Task to complete - Say how many lines in the records hold the word "Analysis", and give nothing but that number.

================================

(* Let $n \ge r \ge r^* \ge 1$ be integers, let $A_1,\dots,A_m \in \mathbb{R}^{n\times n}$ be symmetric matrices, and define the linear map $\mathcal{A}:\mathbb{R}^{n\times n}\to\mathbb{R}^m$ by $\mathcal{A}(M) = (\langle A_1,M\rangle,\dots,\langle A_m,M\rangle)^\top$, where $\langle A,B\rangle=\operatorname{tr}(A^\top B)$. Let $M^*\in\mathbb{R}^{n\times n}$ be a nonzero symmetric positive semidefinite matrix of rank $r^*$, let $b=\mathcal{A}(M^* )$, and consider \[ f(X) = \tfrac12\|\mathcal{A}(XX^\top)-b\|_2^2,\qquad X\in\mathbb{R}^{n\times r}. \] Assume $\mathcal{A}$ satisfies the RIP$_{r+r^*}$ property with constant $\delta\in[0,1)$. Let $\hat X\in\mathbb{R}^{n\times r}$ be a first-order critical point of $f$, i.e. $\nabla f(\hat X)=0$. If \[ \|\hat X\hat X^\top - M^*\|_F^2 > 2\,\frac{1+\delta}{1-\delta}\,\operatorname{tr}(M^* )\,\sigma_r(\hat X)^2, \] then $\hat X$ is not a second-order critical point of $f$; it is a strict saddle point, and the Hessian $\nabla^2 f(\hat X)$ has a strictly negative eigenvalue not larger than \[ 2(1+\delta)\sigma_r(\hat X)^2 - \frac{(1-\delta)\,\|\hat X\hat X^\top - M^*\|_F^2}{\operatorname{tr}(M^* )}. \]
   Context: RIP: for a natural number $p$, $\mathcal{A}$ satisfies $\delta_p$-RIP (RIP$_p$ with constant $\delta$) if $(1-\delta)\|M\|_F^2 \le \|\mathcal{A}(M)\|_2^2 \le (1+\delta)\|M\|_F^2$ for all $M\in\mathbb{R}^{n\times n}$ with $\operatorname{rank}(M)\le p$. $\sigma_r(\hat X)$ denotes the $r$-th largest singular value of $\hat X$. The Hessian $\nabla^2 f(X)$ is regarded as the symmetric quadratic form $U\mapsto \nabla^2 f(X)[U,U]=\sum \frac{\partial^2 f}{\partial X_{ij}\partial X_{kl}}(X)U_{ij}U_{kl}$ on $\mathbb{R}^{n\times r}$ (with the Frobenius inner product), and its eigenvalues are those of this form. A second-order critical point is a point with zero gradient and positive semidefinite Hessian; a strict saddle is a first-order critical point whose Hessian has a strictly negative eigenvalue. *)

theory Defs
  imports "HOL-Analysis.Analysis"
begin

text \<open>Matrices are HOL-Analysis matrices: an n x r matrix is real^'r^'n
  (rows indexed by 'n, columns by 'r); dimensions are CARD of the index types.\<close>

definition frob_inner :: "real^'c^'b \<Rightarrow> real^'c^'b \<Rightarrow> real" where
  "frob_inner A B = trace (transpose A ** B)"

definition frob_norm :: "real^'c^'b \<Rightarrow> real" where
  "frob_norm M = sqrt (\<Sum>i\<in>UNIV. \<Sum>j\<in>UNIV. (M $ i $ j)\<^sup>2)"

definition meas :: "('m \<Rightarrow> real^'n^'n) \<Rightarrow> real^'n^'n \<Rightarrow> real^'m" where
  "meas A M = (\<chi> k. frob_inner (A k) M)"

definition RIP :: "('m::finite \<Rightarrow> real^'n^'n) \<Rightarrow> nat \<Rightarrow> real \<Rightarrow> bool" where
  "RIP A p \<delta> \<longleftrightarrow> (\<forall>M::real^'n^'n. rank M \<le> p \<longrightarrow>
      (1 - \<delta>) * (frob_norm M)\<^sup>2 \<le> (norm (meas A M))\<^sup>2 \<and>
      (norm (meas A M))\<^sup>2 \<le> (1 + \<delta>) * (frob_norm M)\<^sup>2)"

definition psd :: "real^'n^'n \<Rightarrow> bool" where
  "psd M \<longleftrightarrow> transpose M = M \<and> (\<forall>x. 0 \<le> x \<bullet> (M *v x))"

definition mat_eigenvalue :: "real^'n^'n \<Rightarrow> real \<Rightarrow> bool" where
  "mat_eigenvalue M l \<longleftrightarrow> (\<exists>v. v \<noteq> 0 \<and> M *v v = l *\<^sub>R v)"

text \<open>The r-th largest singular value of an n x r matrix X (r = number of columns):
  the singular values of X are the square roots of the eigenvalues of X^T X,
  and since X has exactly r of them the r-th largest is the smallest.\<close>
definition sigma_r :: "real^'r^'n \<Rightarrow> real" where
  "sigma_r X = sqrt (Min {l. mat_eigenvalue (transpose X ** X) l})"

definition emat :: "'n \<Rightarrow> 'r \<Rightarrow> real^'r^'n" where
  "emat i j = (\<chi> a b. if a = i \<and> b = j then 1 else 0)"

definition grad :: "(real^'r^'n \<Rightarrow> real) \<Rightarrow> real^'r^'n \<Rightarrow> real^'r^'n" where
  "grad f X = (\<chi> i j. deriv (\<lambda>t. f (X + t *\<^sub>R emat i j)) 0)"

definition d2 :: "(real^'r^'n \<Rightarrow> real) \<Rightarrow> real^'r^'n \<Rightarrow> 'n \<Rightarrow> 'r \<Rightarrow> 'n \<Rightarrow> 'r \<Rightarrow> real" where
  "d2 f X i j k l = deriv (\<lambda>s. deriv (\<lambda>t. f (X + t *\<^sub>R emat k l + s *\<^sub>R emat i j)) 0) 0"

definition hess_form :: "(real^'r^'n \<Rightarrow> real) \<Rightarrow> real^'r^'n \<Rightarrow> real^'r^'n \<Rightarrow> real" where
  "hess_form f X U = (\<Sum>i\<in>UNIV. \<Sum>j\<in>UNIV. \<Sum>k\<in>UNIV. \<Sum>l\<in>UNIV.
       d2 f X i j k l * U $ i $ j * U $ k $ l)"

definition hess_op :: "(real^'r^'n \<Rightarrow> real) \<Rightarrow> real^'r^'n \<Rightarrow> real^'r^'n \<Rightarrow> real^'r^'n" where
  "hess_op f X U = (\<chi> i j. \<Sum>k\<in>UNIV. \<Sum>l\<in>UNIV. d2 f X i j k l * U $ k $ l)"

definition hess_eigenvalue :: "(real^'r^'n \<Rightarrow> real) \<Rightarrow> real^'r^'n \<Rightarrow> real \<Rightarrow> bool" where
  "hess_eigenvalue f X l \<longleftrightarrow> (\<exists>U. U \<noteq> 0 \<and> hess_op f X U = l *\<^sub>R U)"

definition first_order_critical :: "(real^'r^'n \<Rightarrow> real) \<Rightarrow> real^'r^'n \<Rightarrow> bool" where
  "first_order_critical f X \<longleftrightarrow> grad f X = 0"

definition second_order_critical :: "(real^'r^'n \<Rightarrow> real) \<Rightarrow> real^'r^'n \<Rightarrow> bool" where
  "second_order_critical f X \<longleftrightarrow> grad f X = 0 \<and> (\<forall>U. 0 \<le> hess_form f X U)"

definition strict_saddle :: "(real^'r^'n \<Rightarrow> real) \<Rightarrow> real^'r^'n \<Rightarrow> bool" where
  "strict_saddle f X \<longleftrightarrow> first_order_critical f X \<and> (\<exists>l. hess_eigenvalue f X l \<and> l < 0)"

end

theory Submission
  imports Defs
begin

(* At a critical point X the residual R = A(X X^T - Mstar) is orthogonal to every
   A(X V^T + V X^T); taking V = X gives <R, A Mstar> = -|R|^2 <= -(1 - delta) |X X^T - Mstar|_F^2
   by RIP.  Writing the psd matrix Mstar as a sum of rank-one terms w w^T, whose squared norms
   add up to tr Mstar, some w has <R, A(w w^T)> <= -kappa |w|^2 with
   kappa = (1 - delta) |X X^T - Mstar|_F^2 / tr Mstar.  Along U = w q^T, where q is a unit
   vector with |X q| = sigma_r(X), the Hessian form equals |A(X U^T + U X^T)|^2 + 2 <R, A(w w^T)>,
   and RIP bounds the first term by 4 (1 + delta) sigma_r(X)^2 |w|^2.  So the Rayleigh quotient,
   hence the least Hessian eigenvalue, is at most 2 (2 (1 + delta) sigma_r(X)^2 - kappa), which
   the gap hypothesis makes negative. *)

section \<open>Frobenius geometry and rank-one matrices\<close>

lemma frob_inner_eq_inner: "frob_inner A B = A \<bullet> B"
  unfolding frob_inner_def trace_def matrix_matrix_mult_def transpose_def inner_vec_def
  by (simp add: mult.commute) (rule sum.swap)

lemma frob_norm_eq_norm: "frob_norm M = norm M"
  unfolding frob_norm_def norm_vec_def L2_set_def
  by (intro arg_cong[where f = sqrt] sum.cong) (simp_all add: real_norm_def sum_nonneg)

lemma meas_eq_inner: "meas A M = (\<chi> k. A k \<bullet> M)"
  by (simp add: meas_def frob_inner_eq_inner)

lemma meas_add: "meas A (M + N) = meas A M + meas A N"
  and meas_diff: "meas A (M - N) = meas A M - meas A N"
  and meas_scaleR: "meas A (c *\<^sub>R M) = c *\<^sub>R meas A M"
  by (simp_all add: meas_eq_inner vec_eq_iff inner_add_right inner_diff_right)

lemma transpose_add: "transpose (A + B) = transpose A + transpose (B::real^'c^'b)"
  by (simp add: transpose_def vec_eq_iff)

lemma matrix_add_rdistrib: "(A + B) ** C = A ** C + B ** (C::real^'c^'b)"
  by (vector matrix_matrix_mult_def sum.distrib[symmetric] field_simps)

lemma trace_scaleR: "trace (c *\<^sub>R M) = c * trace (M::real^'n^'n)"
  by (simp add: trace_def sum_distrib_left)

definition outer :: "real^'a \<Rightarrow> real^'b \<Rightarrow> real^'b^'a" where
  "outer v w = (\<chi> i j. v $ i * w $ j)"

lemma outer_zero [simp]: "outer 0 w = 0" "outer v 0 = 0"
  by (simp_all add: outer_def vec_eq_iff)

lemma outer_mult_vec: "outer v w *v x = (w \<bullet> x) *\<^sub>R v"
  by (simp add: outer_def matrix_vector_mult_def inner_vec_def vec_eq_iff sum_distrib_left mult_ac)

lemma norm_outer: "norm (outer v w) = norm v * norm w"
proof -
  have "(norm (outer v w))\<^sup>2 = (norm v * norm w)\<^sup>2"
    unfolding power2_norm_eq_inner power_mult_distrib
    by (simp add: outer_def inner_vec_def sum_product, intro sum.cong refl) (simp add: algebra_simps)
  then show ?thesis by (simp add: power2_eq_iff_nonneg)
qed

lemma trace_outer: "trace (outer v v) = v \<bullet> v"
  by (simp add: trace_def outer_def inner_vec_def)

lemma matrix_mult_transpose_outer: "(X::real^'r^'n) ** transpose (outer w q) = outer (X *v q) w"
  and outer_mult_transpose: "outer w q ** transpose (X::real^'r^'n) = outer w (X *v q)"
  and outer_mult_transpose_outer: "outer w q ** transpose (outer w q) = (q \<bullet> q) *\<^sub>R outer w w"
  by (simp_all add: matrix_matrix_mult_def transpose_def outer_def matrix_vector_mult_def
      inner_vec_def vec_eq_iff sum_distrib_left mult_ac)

================================

Output of the task - 2